If decentralised identity forms the skeleton of decentralised social networks, then assets and information form the flesh. The value and behavioural patterns of decentralised social extend far beyond text exchanges within closed applications. Increasingly, the movement of assets and the flow of information are becoming new languages for expressing opinions, signalling identity, and forming communities, vastly expanding the boundaries of what “social” means. To ignore this shift is to miss the defining feature of the paradigm.
4.1 NFTs: From Speculative Tokens to Social Capital
On the asset layer, non-fungible tokens (NFTs) have evolved into de facto identity markers, community access passes, and symbols of cultural taste. Although total NFT trading volume declined to $5.5 billion in 2025, the number of global holders still exceeded 7.2 million, far surpassing the “hardcore” user base of native Web3 social platforms. This indicates that millions of users are already expressing identity and belonging through ownership, participating in communities by holding collections such as Pudgy Penguins, Moonbirds, and CryptoPunks. In this context, the role of NFTs is shifting, from speculative instruments to vehicles of social expression. Their function as social capital has not diminished. If anything, it has become more deeply entrenched.

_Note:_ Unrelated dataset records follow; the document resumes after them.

(* For every $\mu>0$ there exists a set $F_*\in\mathcal K$ with $|F_*|=\mu$ such that $P_S(F_* )\le P_S(F)$ for every $F\in\mathcal K$ with $|F|=\mu$.
   Context: Fix $n\ge 2$ and $s\in(0,1)$. Write $x=(x_1,x')\in\mathbb R\times\mathbb R^{n-1}$, $e_1=(1,0,\dots,0)$, and let $S:=[-1/2,1/2]\times\mathbb R^{n-1}$. Define the kernel $K(x):=\sum_{k\in\mathbb Z}|x+ke_1|^{-n-s}$ (with values in $(0,+\infty]$), and for a measurable $E\subseteq\mathbb R^n$ set $P_S(E):=\int_{E\cap S}\int_{S\setminus E}K(x-y)\,dx\,dy$. The class $\mathcal K$ consists of all sets $F=\{(x_1,x')\in S: |x'|\le f(x_1)\}$ where $f:[-1/2,1/2]\to[0,+\infty]$ is even and non-increasing on $[0,1/2]$. $|\cdot|$ denotes Lebesgue measure. *)

theory Defs
  imports "HOL-Analysis.Analysis"
begin

text \<open>Points of R^n are written as pairs (x1, x') with x' in an abstract Euclidean
space 'a of dimension n-1 = DIM('a) >= 1, so n = DIM('a) + 1 >= 2 automatically.\<close>

definition dimn :: "'a::euclidean_space itself \<Rightarrow> real" where
  "dimn _ = real DIM('a) + 1"

definition strip :: "(real \<times> 'a::euclidean_space) set" where
  "strip = {x. fst x \<in> {-1/2..1/2}}"

definition kterm :: "real \<Rightarrow> real \<times> 'a::euclidean_space \<Rightarrow> ennreal" where
  "kterm s x = (if x = 0 then \<infinity> else ennreal (norm x powr (- (dimn TYPE('a) + s))))"

definition kernel :: "real \<Rightarrow> real \<times> 'a::euclidean_space \<Rightarrow> ennreal" where
  "kernel s x = (\<Sum>\<^sub>\<infinity>k::int. kterm s (x + (of_int k, 0)))"

definition PS :: "real \<Rightarrow> (real \<times> 'a::euclidean_space) set \<Rightarrow> ennreal" where
  "PS s E = (\<integral>\<^sup>+ y. indicator (E \<inter> strip) y *
              (\<integral>\<^sup>+ x. indicator (strip - E) x * kernel s (x - y) \<partial>lebesgue) \<partial>lebesgue)"

definition classK :: "(real \<times> 'a::euclidean_space) set set" where
  "classK = {F. \<exists>f :: real \<Rightarrow> ereal.
      (\<forall>t\<in>{-1/2..1/2}. 0 \<le> f t \<and> f (-t) = f t) \<and>
      (\<forall>a b. 0 \<le> a \<longrightarrow> a \<le> b \<longrightarrow> b \<le> 1/2 \<longrightarrow> f b \<le> f a) \<and>
      F = {x. fst x \<in> {-1/2..1/2} \<and> ereal (norm (snd x)) \<le> f (fst x)}}"

end

theory Submission
  imports Defs "HOL-Library.Diagonal_Subsequence"
begin

text \<open>
  The direct method. A set of \<open>K\<close> is \<open>{|x\<^sub>1| \<le> 1/2, |x'| \<le> g |x\<^sub>1|}\<close> for a nonnegative,
  nonincreasing profile \<open>g\<close> on \<open>[0, \<infinity>)\<close>. Monotone profiles are compact: a diagonal subsequence
  converges at all rationals, and the limit profile is continuous off a countable set, so the
  corresponding sets converge a.e. (away from countably many hyperplanes and the null graph
  \<open>|x'| = g |x\<^sub>1|\<close>). By Fatou, volume and \<open>P\<^sub>S\<close> are lower semicontinuous. Volume cannot
  escape to \<open>|x'| \<rightarrow> \<infinity>\<close>: if \<open>2 L |B\<^sub>R| = \<mu>\<close>, every point \<open>y\<close> of the set with \<open>|y'| > R\<close> lies over
  \<open>|y\<^sub>1| \<le> L\<close> and sees a box of volume \<open>\<sim> L\<^sup>n\<close> of the complement at distance \<open>\<le> 6 L\<close>, which
  contributes \<open>\<ge> c L\<^sup>-\<^sup>s\<close> to \<open>P\<^sub>S\<close>. Hence the volume beyond \<open>R\<close> is \<open>\<le> L\<^sup>s P\<^sub>S / c\<close>, uniformly small
  along a minimizing sequence, and the limit set has volume \<open>\<mu>\<close>.
\<close>

section \<open>Profile sets\<close>

definition decreasing_profile :: "(real \<Rightarrow> ereal) \<Rightarrow> bool" where
  "decreasing_profile g \<longleftrightarrow> (\<forall>t\<ge>0. 0 \<le> g t) \<and> (\<forall>a b. 0 \<le> a \<longrightarrow> a \<le> b \<longrightarrow> g b \<le> g a)"

definition profile_set :: "(real \<Rightarrow> ereal) \<Rightarrow> (real \<times> 'a::euclidean_space) set" where
  "profile_set g = {x. \<bar>fst x\<bar> \<le> 1/2 \<and> ereal (norm (snd x)) \<le> g \<bar>fst x\<bar>}"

At the same time, the NFT market is evolving in response to this social demand. For example, OpenSea leveraged strong community stickiness to exceed $1.4 billion in annual trading volume by the end of 2025, capturing over 67% market share and outperforming trading-focused competitors like Blur. Meanwhile, the integration of real-world assets (RWA) with NFTs also emerged as a clear growth vector in 2025. Collectible ecosystems, such as Pokémon cards, were brought onchain through platforms like Collector Crypt and Courtyard, collectively generating over $1 billion in annual trading volume. This hybrid model demonstrates how NFTs are becoming cultural bridges between the physical and digital worlds.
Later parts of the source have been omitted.